One of the last security audits we performed was on the epoch change protocol for the HotShot consensus algorithm developed and used by Espresso. We formed a team to work on this audit, but also an additional team to work on a side quest: Formalizing that protocol in Quint. This blog post will cover how Quint helped the audit process and how the process of formal specification is irreplaceable.

The Quint specification is available on GitHub.

Using Quint for Espresso

HotShot is the consensus protocol powering the Espresso Network, alongside a data-availability layer to order transactions for an L2 rollup. It builds on a chained variant of HotStuff-2 and operates over a dynamically changing set of proof-of-stake validators: every K blocks, a new epoch begins, with a new validator set and stake table. HotShot runs in views driven by a pacemaker that handles timeouts, view synchronization, and leader election.
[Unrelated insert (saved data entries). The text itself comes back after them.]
lemma integral_id_interior_tetra:
  assumes s: "s \<in> sign_vectors"
  shows "integral (interior (tetra s)) (\<lambda>x. x) = (1 / 24) *\<^sub>R s"
proof -
  let ?R = "matrix ((*) s)"
  have R: "?R *v x + 0 = s * x" for x
    by (simp add: matrix_works linear_vector_mult)
  have "integral (interior (tetra 1)) (\<lambda>x. ?R *v x + 0) = integral ((\<lambda>x. ?R *v x + 0) ` interior (tetra 1)) (\<lambda>x. x)"
    using absolutely_integrable_on_interior_tetra[OF continuous_on_id]
    by (intro integral_unimodular_affine_image abs_det_sign_reflection s fmeasurableD lmeasurable_interior_tetra)
      (simp add: R interior_tetra_eq_reflection_image[OF s, symmetric])
  also have "(\<lambda>x. ?R *v x + 0) ` interior (tetra 1) = interior (tetra s)"
    by (simp add: R interior_tetra_eq_reflection_image[OF s])
  finally have "integral (interior (tetra s)) (\<lambda>x. x) = integral (interior (tetra 1)) ((*) s)"
    by (simp add: R)
  also have "\<dots> = s * integral (interior (tetra 1)) (\<lambda>x. x)"
  proof -
    have "(\<lambda>x. x) integrable_on interior (tetra 1)"
      using absolutely_integrable_on_interior_tetra[OF continuous_on_id] set_lebesgue_integral_eq_integral(1)
      by blast
    from integral_linear[OF this linear_conv_bounded_linear[THEN iffD1, OF linear_vector_mult]] show ?thesis
      by (simp add: o_def)
  qed
  finally show ?thesis
    by (simp add: integral_id_interior_tetra_one vec_eq_iff)
qed

lemma integral_interior_tetra_affine:
  assumes s: "s \<in> sign_vectors"
  shows "integral (interior (tetra s)) (\<lambda>x. a + \<beta> \<bullet> x) = (a + \<beta> \<bullet> ((1 / 4) *\<^sub>R s)) / 6"
proof -
  have integrable: "f integrable_on interior (tetra s)" if "continuous_on UNIV f" for f :: "real^3 \<Rightarrow> 'b::euclidean_space"
    using absolutely_integrable_on_interior_tetra[OF that] set_lebesgue_integral_eq_integral(1) by blast
  have "integral (interior (tetra s)) (\<lambda>x. a + \<beta> \<bullet> x)
      = integral (interior (tetra s)) (\<lambda>x. a) + \<beta> \<bullet> integral (interior (tetra s)) (\<lambda>x. x)"
    using integral_linear[OF integrable[OF continuous_on_id] bounded_linear_inner_right, of \<beta>]
    by (simp add: integral_add integrable continuous_intros o_def)
  also have "\<dots> = (a + \<beta> \<bullet> ((1 / 4) *\<^sub>R s)) / 6"
    by (simp add: integral_const_lmeasurable lmeasurable_interior_tetra measure_interior_tetra[OF s]
        integral_id_interior_tetra[OF s] inner_scaleR_right field_simps)
  finally show ?thesis .
qed

lemma integral_interior_tetra_const:
  fixes f :: "real^3 \<Rightarrow> real"
  assumes s: "s \<in> sign_vectors" and f: "\<And>x. x \<in> interior (tetra s) \<Longrightarrow> f x = c"
  shows "f absolutely_integrable_on interior (tetra s)" and "integral (interior (tetra s)) f = c / 6"
proof -
  have "f absolutely_integrable_on interior (tetra s) \<longleftrightarrow> (\<lambda>x. c) absolutely_integrable_on interior (tetra s)"
    by (rule set_integrable_cong) (simp_all add: f)
  then show "f absolutely_integrable_on interior (tetra s)"
    using absolutely_integrable_on_interior_tetra[OF continuous_on_const] by simp
  have "integral (interior (tetra s)) f = integral (interior (tetra s)) (\<lambda>x. c)"
    by (rule integral_cong) (simp add: f)
  then show "integral (interior (tetra s)) f = c / 6"
    by (simp add: integral_const_lmeasurable lmeasurable_interior_tetra measure_interior_tetra[OF s])
qed

section \<open>Quadratic polynomials and the divergence\<close>

definition quad_fun :: "real \<Rightarrow> real^'n \<Rightarrow> real^'n^'n \<Rightarrow> real^'n \<Rightarrow> real" where
  "quad_fun c b A x = c + b \<bullet> x + x \<bullet> (A *v x)"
The epoch-change protocol extends the consensus to seamlessly transition between epochs.

The main challenge in formally specifying real world systems is to figure out a good scope (and stick to it). In this project, we knew the scope: epoch changes. Now, it was a matter of sticking to this scope and keeping everything else as abstracted as possible, so the Quint model didn’t get any more complex than it needed to be. Additionally, the main concern with this protocol was about liveness, which also became part of our scoping strategy and we’ll cover later.

Scope Preservation

To preserve scope, we abstract everything that is not part of the scope. For starters, the block. The only information this protocol needs from the block is its height, so that’s the only thing we model. Certificates need signatures, but we assume that some reliable signing algorithm is used, and only store the ids of nodes who signed that certificate in the model, avoiding any encryption/decryption complexity and sticking to what matters, the protocol logic.

In leader-based consensus under partial synchrony, the participating nodes may temporarily have different views of the correct leader, preventing progress. HotShot addresses this issue with the Naor-Keidar view-synchronization protocol, a multi-phase exchange involving designated relay nodes, relay-to-relay gossip, and the formation of view-sync certificates to guarantee that all honest nodes converge on the same view number and leader despite timeouts or message delays.

Since modeling each protocol round and message exchange would bloat our Quint specifications and significantly expand the scope, we deliberately treat this view synchronization mechanism as a black box: once it completes, all honest replicas share a synchronized state and can proceed directly to the proposing and voting steps.

On top of that, we are also careful to structure the Quint code in such a way that network details are isolated from the protocol functionality. This helps a lot with reading and understanding the specification, and also changing the network easily and trying different set ups. This is something we always do when writing Quint specs, and you will hear more about our framework in the near future.

To sum it up: we abstract the things like the blocks and certificates, the view synchronization process and messaging/network details.

Quint vs. English Specification

A general problem with non-formal specifications is the lack of precision. English, markdown and even pseudocode do not force us to be precise, and being fully precise in those languages is almost impossible, even for the best of us - as Leslie Lamport recognized, by creating a new language to formally and precisely define his algorithms in papers. Imprecise descriptions have ambiguities that can lead to wrong interpretations and faulty code.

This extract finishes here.